Эрри же мерила шагами комнату. На белой ткани повязки проступили красные пятна крови. Но она не чувствовала боли. Не слышала ничего за грохотом и звоном в ушах.

Сиятельная Эрвианна понимала, что едва сломает печать и развернёт лист, обратного пути не будет ни для кого. Ни для неё, ни для матери, ни для тех, кто плёл пропитанные ядом измены сети за спиной короля. Всем сердцем она желала, чтобы Вистер запутался в них. Всем существом стремилась к этому. И в то же время боялась.

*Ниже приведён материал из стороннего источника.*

lemma summable_abs_pochhammer_ratio:
  fixes a b :: real
  assumes b: "b > 0" and ab: "a < b"
  shows "summable (\<lambda>n. \<bar>pochhammer a n / pochhammer b n\<bar> / (real n + 1))"
proof -
  (* (z)_(n+1) = n! n^z rGamma_series z n with rGamma_series z n -> 1/Gamma z, so the ratio is O(n^(a-b)) *)
  define L where "L = \<bar>rGamma a\<bar> / rGamma b"
  have "rGamma b > 0"
    using b by (simp add: rGamma_inverse_Gamma)
  then have "(\<lambda>n. \<bar>rGamma_series a n\<bar> / rGamma_series b n) \<longlonglongrightarrow> L"
    unfolding L_def by (intro tendsto_intros) auto
  then have "eventually (\<lambda>n. \<bar>rGamma_series a n\<bar> / rGamma_series b n < L + 1) sequentially"
    by (rule order_tendstoD) simp
  then have "eventually (\<lambda>n. norm (\<bar>pochhammer a (Suc n) / pochhammer b (Suc n)\<bar> / (real (Suc n) + 1))
      \<le> (L + 1) * real n powr (a - b - 1)) sequentially"
    using eventually_gt_at_top[of "0::nat"]
  proof eventually_elim
    case (elim n)
    have rGs: "rGamma_series b n > 0"
      using b unfolding rGamma_series_def by (auto intro!: divide_pos_pos pochhammer_pos)
    have L1: "L + 1 > 0"
      unfolding L_def using \<open>rGamma b > 0\<close> by (auto intro: add_nonneg_pos)
    have "\<bar>pochhammer a (Suc n) / pochhammer b (Suc n)\<bar>
        = \<bar>rGamma_series a n\<bar> / rGamma_series b n * real n powr (a - b)"
      using elim(2) rGs
      by (simp add: rGamma_series_def powr_def exp_diff abs_mult field_simps left_diff_distrib)
    also have "\<dots> \<le> (L + 1) * real n powr (a - b)"
      using elim(1) by (intro mult_right_mono) auto
    finally have "\<bar>pochhammer a (Suc n) / pochhammer b (Suc n)\<bar> / (real (Suc n) + 1)
        \<le> (L + 1) * real n powr (a - b) / real n"
      using elim(2) L1 by (intro frac_le) auto
    also have "\<dots> = (L + 1) * real n powr (a - b - 1)"
      using elim(2) by (simp add: powr_diff)
    finally show ?case
      by simp
  qed
  moreover have "summable (\<lambda>n. (L + 1) * real n powr (a - b - 1))"
    using ab by (intro summable_mult) (simp add: summable_real_powr_iff)
  ultimately have "summable (\<lambda>n. \<bar>pochhammer a (Suc n) / pochhammer b (Suc n)\<bar> / (real (Suc n) + 1))"
    by (rule summable_comparison_test_ev)
  then show ?thesis
    by (subst summable_Suc_iff[symmetric])
qed
theorem theorem8:
  fixes n m :: nat and alpha :: "tile \<Rightarrow> real" and \<S> \<T> \<U> \<B> :: "tile set"
  assumes "1 \<le> n" and "1 \<le> m"
    and "\<forall>T\<in>\<S> \<union> \<T> \<union> \<U> \<union> \<B>. is_tile n m T \<and> exact alpha T"
    and "feasible n m alpha (\<S> \<union> \<T> \<union> \<U> \<union> \<B>) \<noteq> {}"
  shows "dd n m alpha \<T> \<U> \<B> \<le> dd n m alpha \<T> \<S> \<B> + dd n m alpha \<S> \<U> \<B>"
proof -
  let ?F = "\<S> \<union> \<T> \<union> \<U> \<union> \<B>"
  obtain D0 where D0: "D0 \<in> consistent_mats n m alpha ?F"
    using consistent_mats_nonempty_if_feasible assms(3,4) by blast
  have dd_eq: "dd n m alpha X Y \<B> = jaccard_dist (cells X - cells \<B>) (cells Y - cells \<B>)"
    if "X \<subseteq> ?F" and "Y \<subseteq> ?F" for X Y
  proof (rule dd_exact_eq_jaccard_dist)
    show "\<forall>T\<in>X \<union> Y \<union> \<B>. is_tile n m T \<and> exact alpha T"
      using assms(3) that by blast
    show "D0 \<in> consistent_mats n m alpha (X \<union> Y \<union> \<B>)"
      using D0 consistent_mats_antimono[of "X \<union> Y \<union> \<B>" ?F] that by blast
  qed
  have sub: "\<S> \<subseteq> ?F" "\<T> \<subseteq> ?F" "\<U> \<subseteq> ?F" by auto
  have fin: "finite (cells X - cells \<B>)" if "X \<subseteq> ?F" for X
    using finite_cells[of X n m] assms(3) that by blast
  show ?thesis
    unfolding dd_eq[OF sub(2,3)] dd_eq[OF sub(2,1)] dd_eq[OF sub(1,3)]
    by (intro jaccard_dist_triangle fin sub)
qed

end
(* Let $\varphi(u_x,u_y)$, not identically zero, be the generating section of a contact symmetry of the two-dimensional minimal surface equation $(1+u_y^2)u_{xx}-2u_xu_yu_{xy}+(1+u_x^2)u_{yy}=0$, and let $\Sigma=\{z=u(x,y)\}$ be a minimal surface given by a solution $u$ of this equation which is invariant with respect to $\varphi$, i.e. $\varphi(u_x,u_y)=0$ along $u$. Then $\Sigma$ is a plane.
   Context: A contact symmetry of $\{F=0\}$ is given by a generating section $\varphi$ satisfying $\ell_F(\varphi)=0$ on the infinite prolongation of the equation; a solution is invariant with respect to $\varphi$ if $\varphi$ vanishes when evaluated on the solution's jets. *)

theory Defs
  imports "HOL-Analysis.Analysis"
begin

definition dP :: "(real \<times> real \<Rightarrow> real) \<Rightarrow> real \<times> real \<Rightarrow> real" where
  "dP f z = deriv (\<lambda>t. f (t, snd z)) (fst z)"

definition dQ :: "(real \<times> real \<Rightarrow> real) \<Rightarrow> real \<times> real \<Rightarrow> real" where
  "dQ f z = deriv (\<lambda>t. f (fst z, t)) (snd z)"

text \<open>C-infinity on an open set S of the plane: there is a family D i j of all
  iterated partial derivatives (D 0 0 = f on S), each Frechet differentiable on S
  with the expected partial derivatives.\<close>
definition smooth_on_R2 :: "(real \<times> real) set \<Rightarrow> (real \<times> real \<Rightarrow> real) \<Rightarrow> bool" where
  "smooth_on_R2 S f \<longleftrightarrow>
     (\<exists>D :: nat \<Rightarrow> nat \<Rightarrow> real \<times> real \<Rightarrow> real.
        (\<forall>z\<in>S. D 0 0 z = f z) \<and>
        (\<forall>i j. \<forall>z\<in>S. (D i j has_derivative
              (\<lambda>(h, k). D (Suc i) j z * h + D i (Suc j) z * k)) (at z)))"

text \<open>Minimal surface equation F(p,q,r,s,t) with p = u_x, q = u_y, r = u_xx, s = u_xy, t = u_yy.\<close>
definition MSE :: "real \<Rightarrow> real \<Rightarrow> real \<Rightarrow> real \<Rightarrow> real \<Rightarrow> real" where
  "MSE p q r s t = (1 + q^2) * r - 2 * p * q * s + (1 + p^2) * t"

Боялась, что не справится…

Она резко поставила кубок на стол — вино, что оставалось в нём, колыхнулось, выплеснулось, оставив кроваво-красные разводы на столе.

Эрри резко выдохнула и развернула письмо, даже не зная, что хотела бы в нём увидеть.

Поговори со мной наедине,

В лучах заката и тенях безличья.

Станцуй со мной на тонком острие,

Склони колени перед истинным величьем.

Лист тонкой бумаги с тиснением герцогской печати выпал из рук Эрри.

Песня.

Это была песня, которую отец пел ей, когда учил танцевать сарву. Четыре коротких строчки. Даже без подписи или слов приветствия.

Валения рискнула посетить дочь, когда уже сгустились за окном сумерки, а дворец зажил другой, ночной, тайной жизнью.

Эрвианна де Байе сидела на том же месте, где её оставила мать, и мурлыкала под нос мелодию сарвы. Глаза её опухли от слёз, а свет единственной свечи отражался в застывшем взгляде, как отпечаток безумия.

Валения де Саменти едва слышно подошла к дочери и села рядом. Протянула руку, чтобы поправить выбившуюся прядь волос, но Эрри отпрянула, словно боялась заразиться от матери неизлечимой болезнью.

— Не прикасайся ко мне.

Валения безвольно опустила руку.

— Ты должна меня выслушать, Эрри…

— Я ничего тебе не должна.

Валения закрыла лицо руками, но тут же опустила их и наткнулась взглядом на письмо своего покойного мужа.

— Позволишь..?

Эрвианна сделала знак рукой, словно говоря: «Делай, что хочешь!», и герцогиня Саменти подняла лист бумаги, быстро пробегая по строчкам. Потом ещё раз. И ещё.

После резко встала и задвинула засов на двери. Достала песок времени из-за пояса и высыпала его на бумагу. Но даже глядя на мужа, быстро и ровно выводящего буквы на листе, не увидела ничего, что объяснило бы его послание дочери. Ни намека. Ни одной лишней буквы. Только строчки из песни, что уже и забыта давно.